- **PROVIDED DATA**:
%%

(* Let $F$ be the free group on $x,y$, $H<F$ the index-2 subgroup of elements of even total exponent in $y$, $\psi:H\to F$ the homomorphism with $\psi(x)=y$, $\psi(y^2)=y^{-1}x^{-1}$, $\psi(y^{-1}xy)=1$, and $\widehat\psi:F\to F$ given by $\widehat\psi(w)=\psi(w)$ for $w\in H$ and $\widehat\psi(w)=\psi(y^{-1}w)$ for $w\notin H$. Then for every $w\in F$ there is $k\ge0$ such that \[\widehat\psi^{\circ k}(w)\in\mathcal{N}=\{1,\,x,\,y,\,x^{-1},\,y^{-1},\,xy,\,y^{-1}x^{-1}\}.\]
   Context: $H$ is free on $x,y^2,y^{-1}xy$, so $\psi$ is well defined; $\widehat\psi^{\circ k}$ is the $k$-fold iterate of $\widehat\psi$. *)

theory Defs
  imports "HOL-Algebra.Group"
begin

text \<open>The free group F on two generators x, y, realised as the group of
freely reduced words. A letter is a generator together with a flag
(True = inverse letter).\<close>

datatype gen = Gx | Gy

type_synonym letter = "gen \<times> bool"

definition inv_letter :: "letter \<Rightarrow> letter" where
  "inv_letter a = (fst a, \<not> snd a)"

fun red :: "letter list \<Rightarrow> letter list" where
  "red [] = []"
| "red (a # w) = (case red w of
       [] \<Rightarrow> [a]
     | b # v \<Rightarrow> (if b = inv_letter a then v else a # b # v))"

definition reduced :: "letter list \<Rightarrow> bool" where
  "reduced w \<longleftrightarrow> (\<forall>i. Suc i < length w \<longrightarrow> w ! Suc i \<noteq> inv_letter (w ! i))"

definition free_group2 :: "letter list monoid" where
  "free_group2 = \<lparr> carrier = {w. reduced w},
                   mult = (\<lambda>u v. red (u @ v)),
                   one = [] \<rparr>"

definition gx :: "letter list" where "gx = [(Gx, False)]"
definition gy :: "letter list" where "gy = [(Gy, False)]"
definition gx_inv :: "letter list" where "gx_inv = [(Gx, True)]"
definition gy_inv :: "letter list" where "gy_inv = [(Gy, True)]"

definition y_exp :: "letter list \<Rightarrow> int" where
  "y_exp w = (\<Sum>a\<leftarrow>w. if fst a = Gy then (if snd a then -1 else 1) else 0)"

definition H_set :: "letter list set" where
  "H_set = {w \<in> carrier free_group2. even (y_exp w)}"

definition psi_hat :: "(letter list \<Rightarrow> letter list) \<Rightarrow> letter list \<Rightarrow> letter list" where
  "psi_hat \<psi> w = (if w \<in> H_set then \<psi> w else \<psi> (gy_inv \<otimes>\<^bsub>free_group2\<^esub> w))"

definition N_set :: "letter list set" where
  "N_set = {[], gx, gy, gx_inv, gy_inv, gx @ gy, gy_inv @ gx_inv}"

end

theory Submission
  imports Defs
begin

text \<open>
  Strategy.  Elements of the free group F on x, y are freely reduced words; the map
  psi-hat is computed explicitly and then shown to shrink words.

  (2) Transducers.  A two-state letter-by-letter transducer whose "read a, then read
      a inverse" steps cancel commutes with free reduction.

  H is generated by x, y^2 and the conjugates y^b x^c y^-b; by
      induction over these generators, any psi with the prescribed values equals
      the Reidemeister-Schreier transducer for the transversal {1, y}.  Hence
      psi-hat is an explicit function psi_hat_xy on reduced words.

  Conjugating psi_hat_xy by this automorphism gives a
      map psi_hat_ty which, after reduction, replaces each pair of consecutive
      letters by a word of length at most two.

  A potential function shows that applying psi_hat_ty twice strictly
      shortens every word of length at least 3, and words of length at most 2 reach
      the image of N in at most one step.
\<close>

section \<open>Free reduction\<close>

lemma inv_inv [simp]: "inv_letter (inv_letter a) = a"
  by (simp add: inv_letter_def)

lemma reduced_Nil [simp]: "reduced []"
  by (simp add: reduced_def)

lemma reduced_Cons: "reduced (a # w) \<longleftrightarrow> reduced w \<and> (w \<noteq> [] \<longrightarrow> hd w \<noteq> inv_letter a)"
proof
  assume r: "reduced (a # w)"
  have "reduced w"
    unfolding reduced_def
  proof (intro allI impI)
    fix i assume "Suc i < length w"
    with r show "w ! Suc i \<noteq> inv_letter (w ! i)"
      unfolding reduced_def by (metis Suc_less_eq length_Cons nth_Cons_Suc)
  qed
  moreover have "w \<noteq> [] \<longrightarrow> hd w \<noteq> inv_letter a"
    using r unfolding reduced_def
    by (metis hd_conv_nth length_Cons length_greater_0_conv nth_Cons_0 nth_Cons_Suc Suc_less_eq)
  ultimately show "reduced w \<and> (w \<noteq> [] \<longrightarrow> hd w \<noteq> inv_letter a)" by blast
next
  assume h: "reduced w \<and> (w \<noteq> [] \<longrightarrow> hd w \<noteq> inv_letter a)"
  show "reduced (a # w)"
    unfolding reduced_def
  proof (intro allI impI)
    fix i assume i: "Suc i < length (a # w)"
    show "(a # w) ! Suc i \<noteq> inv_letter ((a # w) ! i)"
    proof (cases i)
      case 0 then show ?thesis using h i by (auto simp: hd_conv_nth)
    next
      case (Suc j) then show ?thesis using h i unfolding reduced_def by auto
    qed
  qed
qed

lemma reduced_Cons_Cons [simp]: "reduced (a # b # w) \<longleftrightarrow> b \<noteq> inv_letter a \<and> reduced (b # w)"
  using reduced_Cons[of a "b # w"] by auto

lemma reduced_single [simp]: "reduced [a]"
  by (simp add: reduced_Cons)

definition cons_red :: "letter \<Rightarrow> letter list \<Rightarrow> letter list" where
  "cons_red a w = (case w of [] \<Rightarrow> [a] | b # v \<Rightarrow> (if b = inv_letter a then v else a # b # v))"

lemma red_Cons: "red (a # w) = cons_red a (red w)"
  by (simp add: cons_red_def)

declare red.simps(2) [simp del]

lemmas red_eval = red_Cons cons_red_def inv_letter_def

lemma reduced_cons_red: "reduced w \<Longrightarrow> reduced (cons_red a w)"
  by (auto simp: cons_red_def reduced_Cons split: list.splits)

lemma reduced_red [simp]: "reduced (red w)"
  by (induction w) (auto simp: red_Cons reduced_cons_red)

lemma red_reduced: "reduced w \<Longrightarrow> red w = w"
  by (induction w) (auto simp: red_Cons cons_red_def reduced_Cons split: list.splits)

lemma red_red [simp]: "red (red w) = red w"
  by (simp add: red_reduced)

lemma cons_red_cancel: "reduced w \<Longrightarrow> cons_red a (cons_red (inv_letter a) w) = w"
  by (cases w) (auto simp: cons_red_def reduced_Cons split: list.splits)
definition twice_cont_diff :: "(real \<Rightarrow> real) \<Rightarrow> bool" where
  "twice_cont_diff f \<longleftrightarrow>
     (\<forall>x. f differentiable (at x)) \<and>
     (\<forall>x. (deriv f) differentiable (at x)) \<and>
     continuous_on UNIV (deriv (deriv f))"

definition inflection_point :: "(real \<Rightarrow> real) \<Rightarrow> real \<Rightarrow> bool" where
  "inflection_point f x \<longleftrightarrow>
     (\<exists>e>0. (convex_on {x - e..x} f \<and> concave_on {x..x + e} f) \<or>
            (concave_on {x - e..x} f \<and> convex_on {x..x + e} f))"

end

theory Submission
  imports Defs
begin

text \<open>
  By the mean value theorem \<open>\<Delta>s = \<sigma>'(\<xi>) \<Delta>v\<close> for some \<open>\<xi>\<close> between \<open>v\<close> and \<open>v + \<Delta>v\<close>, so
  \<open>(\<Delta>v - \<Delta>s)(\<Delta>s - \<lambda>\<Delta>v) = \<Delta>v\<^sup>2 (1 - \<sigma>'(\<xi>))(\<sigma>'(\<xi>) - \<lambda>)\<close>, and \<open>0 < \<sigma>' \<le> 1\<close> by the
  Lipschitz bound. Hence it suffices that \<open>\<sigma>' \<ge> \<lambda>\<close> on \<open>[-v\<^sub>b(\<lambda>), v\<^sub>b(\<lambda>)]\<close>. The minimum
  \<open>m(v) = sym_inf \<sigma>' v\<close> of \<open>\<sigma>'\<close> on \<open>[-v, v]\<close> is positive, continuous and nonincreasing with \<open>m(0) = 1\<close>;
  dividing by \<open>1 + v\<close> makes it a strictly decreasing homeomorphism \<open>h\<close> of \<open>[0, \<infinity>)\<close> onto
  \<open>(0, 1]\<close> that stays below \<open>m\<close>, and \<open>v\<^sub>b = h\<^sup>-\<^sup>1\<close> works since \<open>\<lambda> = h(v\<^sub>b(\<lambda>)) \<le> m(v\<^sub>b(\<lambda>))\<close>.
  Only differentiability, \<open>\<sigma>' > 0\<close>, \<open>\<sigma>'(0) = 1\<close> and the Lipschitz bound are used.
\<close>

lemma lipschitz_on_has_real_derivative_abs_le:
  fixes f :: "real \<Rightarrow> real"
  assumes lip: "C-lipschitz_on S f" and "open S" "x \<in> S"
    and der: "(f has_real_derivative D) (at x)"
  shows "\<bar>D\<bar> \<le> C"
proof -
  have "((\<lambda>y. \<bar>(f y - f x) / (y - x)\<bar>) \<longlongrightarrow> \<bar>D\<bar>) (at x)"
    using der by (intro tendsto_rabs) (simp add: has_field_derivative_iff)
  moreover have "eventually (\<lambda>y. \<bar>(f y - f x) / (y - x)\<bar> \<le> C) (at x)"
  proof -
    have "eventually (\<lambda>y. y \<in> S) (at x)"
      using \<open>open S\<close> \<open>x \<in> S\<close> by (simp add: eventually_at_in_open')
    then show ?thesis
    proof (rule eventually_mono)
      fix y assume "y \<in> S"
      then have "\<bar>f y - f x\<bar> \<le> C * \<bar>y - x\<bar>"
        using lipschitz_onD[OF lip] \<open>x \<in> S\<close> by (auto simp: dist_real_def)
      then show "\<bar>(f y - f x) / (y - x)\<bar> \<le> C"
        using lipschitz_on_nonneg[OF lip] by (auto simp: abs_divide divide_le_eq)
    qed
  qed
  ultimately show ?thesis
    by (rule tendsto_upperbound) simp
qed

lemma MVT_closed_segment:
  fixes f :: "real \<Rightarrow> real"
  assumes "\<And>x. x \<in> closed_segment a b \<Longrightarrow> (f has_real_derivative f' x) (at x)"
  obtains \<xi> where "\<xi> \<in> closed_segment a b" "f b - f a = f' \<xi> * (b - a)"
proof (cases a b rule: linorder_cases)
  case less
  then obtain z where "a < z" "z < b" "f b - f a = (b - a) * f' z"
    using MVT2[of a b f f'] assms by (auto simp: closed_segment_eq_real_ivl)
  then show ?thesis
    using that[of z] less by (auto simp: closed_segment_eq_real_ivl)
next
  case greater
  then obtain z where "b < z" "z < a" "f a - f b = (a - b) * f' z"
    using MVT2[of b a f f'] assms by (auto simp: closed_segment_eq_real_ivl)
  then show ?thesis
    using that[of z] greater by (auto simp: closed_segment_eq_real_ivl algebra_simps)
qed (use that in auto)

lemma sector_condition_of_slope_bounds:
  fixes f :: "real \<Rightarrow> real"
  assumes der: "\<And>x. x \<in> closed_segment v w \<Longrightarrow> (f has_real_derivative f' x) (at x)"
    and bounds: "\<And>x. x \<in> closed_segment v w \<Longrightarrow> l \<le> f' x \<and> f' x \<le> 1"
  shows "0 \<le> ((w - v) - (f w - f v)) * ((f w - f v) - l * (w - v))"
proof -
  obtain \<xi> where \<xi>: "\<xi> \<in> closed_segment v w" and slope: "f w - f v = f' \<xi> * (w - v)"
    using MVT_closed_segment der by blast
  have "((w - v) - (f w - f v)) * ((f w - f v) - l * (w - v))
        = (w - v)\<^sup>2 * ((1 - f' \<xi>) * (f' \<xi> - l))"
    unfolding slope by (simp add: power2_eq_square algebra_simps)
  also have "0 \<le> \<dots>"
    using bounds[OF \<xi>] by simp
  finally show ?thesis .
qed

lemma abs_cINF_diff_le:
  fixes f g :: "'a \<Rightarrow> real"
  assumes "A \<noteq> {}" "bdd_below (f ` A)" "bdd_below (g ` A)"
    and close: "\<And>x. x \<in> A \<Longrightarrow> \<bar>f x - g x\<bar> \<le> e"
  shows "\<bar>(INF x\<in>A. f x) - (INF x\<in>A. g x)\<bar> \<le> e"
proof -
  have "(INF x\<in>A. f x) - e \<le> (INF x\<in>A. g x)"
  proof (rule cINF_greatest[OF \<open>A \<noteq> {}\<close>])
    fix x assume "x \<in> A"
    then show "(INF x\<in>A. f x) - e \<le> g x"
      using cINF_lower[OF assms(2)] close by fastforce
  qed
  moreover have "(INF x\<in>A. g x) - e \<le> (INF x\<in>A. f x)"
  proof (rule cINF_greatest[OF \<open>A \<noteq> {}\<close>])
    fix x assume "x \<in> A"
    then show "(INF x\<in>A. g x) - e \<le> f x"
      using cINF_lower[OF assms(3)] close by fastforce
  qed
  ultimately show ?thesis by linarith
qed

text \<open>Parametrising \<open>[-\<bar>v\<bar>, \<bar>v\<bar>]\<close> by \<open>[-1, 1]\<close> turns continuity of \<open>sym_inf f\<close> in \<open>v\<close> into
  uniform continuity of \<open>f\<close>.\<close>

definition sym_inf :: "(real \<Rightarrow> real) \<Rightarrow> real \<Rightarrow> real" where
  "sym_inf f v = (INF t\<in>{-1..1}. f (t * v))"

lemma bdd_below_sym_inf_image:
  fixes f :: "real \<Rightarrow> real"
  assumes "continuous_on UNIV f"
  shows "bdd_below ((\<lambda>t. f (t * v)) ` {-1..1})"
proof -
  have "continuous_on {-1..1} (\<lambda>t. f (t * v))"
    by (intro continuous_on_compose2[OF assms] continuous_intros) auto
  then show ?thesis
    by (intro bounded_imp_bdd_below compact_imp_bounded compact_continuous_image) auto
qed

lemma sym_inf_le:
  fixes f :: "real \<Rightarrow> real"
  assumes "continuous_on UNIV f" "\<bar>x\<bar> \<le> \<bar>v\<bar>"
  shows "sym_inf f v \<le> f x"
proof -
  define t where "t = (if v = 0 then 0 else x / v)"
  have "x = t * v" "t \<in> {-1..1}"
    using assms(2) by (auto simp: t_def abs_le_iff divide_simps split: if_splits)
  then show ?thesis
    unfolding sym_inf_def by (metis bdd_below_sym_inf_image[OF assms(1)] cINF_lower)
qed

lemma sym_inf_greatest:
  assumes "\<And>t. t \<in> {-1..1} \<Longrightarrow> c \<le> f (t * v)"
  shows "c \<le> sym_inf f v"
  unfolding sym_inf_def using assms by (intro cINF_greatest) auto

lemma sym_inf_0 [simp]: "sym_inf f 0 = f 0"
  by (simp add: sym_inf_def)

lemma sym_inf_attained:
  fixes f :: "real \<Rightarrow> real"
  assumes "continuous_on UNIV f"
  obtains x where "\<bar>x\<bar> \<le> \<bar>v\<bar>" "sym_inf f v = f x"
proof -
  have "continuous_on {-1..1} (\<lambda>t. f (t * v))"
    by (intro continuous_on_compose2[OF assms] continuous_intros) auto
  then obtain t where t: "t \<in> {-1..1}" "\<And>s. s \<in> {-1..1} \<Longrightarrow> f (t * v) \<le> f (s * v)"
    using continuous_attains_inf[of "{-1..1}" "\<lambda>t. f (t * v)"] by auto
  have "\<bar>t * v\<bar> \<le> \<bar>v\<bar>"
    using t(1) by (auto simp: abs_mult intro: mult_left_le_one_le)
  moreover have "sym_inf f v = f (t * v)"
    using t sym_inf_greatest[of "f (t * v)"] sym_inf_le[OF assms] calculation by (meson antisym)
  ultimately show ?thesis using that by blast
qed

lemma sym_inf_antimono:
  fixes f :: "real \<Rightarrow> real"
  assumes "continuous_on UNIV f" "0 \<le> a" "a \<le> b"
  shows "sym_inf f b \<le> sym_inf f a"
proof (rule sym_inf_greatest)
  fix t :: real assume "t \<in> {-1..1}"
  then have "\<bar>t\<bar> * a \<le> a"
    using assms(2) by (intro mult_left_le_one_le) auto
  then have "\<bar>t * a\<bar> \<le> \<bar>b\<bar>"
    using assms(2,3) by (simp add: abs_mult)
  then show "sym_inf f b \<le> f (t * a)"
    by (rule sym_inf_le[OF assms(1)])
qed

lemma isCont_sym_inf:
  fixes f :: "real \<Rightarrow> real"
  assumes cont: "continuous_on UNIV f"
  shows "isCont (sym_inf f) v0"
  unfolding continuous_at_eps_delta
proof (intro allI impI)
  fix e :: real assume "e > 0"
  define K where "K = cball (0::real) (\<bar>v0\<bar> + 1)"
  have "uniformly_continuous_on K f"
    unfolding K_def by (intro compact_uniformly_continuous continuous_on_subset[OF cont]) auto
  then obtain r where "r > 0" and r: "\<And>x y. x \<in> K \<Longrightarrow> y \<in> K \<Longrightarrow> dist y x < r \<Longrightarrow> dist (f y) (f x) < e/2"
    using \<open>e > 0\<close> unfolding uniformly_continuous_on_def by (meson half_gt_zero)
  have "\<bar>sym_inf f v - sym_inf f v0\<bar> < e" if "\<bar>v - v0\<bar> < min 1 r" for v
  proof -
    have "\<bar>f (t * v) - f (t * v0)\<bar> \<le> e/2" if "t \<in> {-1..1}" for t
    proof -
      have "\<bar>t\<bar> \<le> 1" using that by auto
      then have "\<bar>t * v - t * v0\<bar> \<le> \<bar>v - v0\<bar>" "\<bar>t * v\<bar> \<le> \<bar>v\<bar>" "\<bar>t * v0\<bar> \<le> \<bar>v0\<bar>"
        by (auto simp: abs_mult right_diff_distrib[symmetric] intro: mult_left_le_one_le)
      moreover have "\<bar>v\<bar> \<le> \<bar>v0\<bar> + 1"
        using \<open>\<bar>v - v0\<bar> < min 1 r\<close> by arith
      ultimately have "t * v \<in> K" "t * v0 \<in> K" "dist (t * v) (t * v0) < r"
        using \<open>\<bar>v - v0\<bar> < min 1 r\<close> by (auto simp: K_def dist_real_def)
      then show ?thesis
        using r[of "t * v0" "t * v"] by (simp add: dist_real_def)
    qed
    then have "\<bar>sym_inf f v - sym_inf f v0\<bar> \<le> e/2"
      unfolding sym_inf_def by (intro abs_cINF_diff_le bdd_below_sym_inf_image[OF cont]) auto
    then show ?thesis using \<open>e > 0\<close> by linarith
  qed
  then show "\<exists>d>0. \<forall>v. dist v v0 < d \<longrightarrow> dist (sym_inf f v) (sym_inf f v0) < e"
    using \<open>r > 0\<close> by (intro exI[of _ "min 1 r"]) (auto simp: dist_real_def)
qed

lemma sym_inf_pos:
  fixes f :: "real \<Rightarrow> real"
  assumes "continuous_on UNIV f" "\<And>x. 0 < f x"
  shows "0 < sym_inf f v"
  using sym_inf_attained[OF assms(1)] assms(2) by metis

%%

- **EXERCISE**: Check each line above for "words" and return the ones that have it.

- **SOLUTION TO THIS EXERCISE**:
freely reduced words. A letter is a generator together with a flag
  Strategy.  Elements of the free group F on x, y are freely reduced words; the map
  psi-hat is computed explicitly and then shown to shrink words.
      psi-hat is an explicit function psi_hat_xy on reduced words.
      shortens every word of length at least 3, and words of length at most 2 reach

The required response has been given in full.